● Task item
Each line in the entries below that holds the word "nuclei" belongs in the answer.

● Exercise input
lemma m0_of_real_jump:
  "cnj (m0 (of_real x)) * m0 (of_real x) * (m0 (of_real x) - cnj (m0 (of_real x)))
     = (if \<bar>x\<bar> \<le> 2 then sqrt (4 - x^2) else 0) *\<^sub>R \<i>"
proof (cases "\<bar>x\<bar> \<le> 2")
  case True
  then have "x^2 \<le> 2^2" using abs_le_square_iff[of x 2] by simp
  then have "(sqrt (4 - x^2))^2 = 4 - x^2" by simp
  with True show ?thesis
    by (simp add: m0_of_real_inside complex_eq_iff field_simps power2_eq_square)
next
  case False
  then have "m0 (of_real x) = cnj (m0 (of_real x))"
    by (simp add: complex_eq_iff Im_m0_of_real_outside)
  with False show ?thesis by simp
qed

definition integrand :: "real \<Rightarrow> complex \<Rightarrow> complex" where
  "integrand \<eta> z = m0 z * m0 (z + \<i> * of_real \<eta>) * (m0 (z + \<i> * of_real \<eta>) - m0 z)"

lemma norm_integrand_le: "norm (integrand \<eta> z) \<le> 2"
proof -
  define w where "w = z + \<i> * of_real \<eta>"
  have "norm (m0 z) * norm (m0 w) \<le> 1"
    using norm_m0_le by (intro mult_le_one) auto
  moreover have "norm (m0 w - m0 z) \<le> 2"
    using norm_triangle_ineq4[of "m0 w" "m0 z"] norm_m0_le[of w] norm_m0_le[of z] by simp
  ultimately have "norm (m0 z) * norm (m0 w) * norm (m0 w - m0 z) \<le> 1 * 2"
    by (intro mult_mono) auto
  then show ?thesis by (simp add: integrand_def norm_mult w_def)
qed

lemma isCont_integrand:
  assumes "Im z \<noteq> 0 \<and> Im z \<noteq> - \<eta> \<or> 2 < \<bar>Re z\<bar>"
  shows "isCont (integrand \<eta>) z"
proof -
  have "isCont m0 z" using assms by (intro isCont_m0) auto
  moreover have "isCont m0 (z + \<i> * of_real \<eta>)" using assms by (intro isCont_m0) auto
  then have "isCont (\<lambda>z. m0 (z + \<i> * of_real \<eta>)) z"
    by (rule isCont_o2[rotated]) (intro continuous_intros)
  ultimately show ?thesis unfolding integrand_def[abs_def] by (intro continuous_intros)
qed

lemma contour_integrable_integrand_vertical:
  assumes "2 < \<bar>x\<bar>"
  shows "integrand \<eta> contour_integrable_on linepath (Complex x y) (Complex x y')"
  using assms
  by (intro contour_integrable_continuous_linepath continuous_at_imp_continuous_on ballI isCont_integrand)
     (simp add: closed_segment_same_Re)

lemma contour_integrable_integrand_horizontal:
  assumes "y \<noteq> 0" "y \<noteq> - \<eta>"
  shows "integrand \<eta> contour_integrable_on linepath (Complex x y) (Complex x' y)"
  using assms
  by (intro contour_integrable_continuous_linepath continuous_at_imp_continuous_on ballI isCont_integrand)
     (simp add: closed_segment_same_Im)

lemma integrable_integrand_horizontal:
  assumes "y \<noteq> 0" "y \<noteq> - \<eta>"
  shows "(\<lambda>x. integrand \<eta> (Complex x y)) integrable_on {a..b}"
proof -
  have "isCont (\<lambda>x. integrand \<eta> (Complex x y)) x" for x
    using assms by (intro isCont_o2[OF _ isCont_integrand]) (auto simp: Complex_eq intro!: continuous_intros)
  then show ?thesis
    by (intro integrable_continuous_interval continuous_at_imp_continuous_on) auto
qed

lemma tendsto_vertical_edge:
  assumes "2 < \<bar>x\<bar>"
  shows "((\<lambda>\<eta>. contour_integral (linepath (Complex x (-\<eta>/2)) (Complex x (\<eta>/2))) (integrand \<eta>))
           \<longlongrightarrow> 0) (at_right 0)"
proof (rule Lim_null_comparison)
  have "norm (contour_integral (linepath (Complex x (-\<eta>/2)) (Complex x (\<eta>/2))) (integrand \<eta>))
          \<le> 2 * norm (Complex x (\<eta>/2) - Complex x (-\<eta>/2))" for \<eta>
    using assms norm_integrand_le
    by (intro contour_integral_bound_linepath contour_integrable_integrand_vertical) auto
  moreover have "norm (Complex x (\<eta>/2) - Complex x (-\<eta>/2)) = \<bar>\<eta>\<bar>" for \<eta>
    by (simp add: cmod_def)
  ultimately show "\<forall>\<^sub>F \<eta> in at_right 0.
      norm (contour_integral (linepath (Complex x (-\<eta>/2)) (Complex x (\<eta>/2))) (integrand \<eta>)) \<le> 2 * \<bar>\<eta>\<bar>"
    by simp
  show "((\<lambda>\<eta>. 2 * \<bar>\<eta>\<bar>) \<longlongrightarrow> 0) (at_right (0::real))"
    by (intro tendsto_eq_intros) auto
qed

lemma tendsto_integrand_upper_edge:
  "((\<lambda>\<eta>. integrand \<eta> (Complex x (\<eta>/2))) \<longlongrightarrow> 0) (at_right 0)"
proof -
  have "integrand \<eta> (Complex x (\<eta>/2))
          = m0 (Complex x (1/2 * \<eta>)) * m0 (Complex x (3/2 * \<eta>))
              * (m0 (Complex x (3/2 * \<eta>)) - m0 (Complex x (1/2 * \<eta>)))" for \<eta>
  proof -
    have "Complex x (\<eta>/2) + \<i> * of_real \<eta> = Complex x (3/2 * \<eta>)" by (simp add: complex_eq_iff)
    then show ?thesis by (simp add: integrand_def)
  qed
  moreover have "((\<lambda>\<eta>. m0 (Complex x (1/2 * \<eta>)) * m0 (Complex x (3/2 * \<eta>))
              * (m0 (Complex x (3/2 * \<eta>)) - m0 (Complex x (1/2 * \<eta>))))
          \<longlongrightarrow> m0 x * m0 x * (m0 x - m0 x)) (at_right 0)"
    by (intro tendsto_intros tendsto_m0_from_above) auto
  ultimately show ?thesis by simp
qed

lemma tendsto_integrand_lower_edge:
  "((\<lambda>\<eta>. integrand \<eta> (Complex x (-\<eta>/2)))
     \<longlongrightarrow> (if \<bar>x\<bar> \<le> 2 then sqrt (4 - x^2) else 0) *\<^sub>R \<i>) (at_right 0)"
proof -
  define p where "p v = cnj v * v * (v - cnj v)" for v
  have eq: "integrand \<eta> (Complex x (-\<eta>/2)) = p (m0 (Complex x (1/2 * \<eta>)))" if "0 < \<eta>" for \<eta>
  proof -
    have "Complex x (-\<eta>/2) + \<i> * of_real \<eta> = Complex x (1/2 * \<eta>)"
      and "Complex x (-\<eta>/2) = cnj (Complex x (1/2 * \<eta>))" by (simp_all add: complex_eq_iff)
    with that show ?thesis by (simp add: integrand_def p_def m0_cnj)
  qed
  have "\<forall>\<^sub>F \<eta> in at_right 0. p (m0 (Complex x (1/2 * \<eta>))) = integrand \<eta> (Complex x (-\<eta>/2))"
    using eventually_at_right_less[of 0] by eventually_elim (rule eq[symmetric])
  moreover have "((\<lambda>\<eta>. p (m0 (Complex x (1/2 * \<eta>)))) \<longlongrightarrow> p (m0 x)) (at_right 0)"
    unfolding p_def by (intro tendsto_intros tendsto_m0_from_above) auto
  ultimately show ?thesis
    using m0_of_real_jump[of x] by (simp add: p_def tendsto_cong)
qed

---

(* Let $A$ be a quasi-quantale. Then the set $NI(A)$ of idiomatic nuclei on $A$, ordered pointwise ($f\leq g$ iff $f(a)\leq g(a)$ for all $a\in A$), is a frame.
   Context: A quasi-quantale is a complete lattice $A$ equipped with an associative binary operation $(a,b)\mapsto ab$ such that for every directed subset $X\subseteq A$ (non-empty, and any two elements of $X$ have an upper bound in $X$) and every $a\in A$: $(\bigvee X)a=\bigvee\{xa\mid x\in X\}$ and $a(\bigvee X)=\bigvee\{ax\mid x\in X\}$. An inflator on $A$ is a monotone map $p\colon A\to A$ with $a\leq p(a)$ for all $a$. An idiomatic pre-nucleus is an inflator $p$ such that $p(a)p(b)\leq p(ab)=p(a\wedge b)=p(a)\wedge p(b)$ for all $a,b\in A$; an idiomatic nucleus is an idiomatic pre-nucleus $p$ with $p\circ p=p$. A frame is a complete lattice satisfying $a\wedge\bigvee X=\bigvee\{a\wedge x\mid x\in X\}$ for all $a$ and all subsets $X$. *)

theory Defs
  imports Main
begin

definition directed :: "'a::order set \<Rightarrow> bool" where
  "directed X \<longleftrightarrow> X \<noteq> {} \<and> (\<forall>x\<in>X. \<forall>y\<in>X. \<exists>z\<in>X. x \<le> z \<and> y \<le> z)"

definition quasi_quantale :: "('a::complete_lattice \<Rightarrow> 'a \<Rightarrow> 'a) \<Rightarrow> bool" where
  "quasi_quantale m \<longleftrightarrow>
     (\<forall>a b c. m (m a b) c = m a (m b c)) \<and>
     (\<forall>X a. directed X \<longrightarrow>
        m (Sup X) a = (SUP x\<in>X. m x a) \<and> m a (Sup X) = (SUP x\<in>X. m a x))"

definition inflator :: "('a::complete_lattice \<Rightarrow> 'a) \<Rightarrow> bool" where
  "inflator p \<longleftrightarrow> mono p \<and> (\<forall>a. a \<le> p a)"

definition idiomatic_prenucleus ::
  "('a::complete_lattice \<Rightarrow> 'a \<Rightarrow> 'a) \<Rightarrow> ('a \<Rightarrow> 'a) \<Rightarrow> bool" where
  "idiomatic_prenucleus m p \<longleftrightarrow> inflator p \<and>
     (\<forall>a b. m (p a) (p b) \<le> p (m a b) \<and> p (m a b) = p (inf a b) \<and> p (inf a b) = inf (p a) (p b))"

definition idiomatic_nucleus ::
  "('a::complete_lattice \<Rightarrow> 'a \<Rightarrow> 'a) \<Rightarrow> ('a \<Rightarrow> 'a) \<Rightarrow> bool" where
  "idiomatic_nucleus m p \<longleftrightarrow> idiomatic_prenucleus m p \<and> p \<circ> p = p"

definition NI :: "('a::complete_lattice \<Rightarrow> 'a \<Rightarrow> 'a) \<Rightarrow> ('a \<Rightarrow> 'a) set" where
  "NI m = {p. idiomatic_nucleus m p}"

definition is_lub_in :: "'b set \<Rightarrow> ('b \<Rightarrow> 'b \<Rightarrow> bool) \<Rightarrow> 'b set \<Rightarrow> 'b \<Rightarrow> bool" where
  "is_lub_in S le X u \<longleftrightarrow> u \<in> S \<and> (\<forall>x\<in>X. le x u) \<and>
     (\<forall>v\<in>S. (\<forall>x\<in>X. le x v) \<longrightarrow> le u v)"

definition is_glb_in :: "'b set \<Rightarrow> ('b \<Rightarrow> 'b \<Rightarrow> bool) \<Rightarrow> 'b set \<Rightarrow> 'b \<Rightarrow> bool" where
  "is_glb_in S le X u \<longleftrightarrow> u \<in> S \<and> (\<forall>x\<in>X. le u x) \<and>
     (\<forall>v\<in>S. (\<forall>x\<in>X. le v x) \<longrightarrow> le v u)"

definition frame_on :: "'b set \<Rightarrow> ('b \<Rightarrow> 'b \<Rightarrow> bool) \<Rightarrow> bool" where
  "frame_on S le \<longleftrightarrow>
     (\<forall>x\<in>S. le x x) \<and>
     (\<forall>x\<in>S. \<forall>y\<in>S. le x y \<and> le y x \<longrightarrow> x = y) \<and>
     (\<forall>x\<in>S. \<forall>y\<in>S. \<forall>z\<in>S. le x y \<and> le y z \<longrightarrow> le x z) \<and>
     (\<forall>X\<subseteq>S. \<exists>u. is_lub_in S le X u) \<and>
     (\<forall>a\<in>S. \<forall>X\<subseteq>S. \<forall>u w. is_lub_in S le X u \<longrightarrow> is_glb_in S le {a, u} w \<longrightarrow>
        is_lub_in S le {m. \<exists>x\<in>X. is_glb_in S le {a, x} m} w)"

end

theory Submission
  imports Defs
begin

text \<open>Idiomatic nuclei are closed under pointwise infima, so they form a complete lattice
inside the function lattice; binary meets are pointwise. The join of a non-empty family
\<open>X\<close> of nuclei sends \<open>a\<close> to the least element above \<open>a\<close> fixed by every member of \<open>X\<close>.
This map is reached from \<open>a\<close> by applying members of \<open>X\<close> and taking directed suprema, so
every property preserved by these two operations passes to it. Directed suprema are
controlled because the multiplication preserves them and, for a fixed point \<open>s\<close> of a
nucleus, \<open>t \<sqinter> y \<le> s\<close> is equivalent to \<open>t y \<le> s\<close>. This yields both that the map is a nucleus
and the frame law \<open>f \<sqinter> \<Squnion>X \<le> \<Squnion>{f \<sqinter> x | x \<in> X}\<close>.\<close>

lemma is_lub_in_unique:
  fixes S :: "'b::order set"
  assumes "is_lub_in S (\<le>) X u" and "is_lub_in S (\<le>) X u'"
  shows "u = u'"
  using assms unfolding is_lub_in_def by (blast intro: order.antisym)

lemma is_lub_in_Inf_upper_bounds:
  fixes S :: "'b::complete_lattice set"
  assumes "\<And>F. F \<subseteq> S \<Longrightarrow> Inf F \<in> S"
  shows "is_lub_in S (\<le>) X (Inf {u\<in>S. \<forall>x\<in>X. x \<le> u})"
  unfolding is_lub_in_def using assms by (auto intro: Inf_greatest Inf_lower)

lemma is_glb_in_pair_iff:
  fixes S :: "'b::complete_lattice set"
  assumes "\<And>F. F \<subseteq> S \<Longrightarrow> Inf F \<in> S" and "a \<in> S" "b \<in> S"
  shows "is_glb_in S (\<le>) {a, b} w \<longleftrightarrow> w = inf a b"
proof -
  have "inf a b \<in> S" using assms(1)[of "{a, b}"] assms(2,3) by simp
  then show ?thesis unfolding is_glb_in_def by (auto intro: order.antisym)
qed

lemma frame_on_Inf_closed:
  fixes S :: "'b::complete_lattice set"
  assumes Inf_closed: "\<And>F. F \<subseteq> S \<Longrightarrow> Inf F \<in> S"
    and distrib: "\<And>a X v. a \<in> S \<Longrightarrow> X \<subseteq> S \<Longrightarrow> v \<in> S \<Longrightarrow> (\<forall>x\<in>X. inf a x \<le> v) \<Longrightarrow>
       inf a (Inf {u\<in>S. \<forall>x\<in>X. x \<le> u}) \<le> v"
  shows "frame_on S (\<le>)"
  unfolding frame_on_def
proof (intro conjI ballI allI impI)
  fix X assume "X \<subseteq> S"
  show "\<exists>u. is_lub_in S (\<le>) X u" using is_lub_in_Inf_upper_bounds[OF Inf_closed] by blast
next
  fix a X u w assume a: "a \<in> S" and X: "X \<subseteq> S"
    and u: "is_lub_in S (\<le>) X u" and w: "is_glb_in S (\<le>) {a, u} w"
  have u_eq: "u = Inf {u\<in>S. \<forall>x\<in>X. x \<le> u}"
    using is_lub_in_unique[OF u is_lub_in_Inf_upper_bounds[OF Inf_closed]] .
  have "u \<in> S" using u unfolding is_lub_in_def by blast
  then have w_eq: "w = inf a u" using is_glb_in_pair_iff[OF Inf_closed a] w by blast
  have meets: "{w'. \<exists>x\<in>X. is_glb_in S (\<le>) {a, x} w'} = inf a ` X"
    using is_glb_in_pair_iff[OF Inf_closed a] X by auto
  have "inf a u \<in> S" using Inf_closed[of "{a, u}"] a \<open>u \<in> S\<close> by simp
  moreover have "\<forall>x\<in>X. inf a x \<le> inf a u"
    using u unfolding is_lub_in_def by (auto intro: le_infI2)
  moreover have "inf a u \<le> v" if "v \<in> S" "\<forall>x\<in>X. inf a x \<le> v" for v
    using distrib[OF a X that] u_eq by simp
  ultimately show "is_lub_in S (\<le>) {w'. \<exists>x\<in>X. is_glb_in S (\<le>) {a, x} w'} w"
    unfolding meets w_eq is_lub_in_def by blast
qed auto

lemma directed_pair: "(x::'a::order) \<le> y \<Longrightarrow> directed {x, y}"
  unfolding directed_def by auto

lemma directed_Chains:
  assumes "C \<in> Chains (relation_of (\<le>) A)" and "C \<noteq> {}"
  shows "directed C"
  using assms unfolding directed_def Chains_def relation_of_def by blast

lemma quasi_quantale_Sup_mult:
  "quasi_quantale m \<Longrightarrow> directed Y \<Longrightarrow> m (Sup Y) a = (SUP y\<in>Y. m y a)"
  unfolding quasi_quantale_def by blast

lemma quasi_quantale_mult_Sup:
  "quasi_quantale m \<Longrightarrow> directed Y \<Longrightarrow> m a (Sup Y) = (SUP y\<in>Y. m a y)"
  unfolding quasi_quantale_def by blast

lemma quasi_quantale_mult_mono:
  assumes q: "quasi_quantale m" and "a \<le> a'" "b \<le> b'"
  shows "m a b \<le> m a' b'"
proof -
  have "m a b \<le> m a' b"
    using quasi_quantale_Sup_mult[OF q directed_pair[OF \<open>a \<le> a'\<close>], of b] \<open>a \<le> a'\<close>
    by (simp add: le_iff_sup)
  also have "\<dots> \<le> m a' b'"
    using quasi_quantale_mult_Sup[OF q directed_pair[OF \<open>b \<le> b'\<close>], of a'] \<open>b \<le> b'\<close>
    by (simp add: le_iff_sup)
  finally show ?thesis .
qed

---

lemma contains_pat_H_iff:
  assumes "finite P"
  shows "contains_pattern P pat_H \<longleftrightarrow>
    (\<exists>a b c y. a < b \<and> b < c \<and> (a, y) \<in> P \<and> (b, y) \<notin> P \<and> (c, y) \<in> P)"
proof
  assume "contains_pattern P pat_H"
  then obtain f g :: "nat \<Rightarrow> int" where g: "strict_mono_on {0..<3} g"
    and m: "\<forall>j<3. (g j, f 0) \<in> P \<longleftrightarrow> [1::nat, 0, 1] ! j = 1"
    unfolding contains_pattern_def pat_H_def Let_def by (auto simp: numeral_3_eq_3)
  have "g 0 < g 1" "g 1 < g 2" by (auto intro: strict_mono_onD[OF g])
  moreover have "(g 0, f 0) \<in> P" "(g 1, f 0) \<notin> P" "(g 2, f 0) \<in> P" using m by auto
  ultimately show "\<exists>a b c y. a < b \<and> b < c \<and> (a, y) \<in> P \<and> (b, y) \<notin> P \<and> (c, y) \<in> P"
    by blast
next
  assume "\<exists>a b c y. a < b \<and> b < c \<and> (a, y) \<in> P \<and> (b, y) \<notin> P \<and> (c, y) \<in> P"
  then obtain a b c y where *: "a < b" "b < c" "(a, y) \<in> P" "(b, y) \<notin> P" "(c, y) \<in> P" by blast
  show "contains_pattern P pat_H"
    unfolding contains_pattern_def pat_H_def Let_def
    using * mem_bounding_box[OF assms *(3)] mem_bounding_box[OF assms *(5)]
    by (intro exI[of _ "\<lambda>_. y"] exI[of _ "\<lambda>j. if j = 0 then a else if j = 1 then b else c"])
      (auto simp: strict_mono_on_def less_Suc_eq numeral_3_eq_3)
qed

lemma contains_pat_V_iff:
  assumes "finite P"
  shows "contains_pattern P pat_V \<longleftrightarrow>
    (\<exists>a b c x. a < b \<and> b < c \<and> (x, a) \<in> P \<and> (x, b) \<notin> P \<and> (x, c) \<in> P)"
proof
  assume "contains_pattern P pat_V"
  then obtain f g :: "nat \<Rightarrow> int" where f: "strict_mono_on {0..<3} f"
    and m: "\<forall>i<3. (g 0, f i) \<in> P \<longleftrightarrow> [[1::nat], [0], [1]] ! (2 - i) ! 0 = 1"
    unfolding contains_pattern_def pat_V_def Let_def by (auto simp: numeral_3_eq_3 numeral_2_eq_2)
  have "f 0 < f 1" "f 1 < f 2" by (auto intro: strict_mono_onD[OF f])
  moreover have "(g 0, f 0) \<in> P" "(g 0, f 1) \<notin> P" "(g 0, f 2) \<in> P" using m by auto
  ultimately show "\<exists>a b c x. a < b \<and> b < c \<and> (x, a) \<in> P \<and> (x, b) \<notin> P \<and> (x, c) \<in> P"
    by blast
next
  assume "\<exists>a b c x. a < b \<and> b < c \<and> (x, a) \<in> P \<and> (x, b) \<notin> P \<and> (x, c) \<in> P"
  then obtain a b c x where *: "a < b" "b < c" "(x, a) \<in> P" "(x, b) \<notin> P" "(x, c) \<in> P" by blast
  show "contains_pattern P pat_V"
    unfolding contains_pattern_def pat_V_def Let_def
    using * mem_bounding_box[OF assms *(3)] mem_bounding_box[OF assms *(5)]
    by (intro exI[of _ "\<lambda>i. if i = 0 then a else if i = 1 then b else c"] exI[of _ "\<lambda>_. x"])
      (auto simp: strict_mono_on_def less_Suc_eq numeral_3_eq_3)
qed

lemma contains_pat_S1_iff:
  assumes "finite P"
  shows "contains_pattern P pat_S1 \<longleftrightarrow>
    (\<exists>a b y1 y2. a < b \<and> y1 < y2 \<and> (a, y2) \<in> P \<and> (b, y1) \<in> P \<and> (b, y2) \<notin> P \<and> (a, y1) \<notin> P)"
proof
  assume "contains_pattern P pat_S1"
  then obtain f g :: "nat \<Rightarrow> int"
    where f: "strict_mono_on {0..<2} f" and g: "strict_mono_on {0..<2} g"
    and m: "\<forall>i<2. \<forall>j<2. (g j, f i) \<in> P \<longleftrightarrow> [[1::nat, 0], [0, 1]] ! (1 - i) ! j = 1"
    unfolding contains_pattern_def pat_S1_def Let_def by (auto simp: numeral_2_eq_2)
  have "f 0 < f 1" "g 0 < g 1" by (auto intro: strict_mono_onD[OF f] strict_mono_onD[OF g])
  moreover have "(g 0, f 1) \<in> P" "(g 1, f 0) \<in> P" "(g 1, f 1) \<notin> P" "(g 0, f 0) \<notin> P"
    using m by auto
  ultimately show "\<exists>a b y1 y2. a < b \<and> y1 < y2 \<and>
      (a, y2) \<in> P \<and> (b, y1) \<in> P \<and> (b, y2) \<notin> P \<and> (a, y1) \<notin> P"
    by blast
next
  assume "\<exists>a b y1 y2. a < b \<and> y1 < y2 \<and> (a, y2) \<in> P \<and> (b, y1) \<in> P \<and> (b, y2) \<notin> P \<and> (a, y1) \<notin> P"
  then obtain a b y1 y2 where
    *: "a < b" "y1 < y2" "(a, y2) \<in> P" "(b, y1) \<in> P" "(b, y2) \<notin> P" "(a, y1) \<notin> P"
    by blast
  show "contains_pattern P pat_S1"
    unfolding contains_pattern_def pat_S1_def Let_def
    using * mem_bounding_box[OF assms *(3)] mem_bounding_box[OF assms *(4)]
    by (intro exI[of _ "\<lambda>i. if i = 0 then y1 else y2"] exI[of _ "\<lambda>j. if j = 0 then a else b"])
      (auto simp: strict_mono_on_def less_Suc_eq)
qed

● Your solution
(* Let $A$ be a quasi-quantale. Then the set $NI(A)$ of idiomatic nuclei on $A$, ordered pointwise ($f\leq g$ iff $f(a)\leq g(a)$ for all $a\in A$), is a frame.
text \<open>Idiomatic nuclei are closed under pointwise infima, so they form a complete lattice
\<open>X\<close> of nuclei sends \<open>a\<close> to the least element above \<open>a\<close> fixed by every member of \<open>X\<close>.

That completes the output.